* **REQUIREMENT**
Read the data below line by line and state how many lines hold "simp". Nothing else belongs in the answer.

* **DATA EXTRACTS**

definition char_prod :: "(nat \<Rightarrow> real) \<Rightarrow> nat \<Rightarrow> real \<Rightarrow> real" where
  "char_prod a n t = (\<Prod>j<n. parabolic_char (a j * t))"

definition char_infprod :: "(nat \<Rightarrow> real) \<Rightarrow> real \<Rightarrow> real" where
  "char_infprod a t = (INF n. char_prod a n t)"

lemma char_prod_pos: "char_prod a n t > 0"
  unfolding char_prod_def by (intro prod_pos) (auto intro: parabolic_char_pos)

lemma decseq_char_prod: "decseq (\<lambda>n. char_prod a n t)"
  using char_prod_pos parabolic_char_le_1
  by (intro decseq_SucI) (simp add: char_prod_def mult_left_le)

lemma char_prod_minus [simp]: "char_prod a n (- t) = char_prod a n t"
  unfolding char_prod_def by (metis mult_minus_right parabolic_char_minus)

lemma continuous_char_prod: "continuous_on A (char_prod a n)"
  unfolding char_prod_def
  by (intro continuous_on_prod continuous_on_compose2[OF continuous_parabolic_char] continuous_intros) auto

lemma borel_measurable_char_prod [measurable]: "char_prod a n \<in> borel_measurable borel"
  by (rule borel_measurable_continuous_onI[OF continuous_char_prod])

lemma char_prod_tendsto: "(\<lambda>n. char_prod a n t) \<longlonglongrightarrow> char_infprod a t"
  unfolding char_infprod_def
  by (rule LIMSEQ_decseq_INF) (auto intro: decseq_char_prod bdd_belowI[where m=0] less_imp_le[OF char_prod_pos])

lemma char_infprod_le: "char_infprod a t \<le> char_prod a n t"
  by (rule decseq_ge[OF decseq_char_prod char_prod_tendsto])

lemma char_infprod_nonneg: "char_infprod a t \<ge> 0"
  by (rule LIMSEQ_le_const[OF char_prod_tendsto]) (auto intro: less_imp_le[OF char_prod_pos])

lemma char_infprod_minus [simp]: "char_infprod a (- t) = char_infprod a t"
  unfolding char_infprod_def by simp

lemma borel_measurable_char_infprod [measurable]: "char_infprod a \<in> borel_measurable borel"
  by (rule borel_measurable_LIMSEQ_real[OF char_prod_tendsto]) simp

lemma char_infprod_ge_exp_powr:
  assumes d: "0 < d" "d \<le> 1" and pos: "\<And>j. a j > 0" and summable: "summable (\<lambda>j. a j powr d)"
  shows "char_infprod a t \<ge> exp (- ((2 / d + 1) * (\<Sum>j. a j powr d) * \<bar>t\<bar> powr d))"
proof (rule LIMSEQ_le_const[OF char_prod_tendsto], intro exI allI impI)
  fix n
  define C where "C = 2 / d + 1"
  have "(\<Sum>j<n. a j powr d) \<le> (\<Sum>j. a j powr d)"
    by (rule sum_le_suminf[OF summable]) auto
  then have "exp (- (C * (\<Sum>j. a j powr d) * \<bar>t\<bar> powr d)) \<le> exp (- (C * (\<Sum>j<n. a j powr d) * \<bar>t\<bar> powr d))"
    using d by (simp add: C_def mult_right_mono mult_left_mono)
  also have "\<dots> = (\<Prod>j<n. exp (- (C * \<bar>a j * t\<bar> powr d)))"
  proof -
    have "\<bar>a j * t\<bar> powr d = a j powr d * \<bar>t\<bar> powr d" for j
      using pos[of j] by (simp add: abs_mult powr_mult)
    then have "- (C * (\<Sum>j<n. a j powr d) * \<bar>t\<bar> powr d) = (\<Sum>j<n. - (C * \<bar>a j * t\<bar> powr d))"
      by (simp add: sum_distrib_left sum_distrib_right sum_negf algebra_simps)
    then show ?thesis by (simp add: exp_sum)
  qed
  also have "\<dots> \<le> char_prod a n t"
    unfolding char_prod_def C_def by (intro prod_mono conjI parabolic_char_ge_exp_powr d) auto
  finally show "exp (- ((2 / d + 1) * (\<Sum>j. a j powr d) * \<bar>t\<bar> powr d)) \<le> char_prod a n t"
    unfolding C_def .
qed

* **RESULT OF THE EXERCISE**
9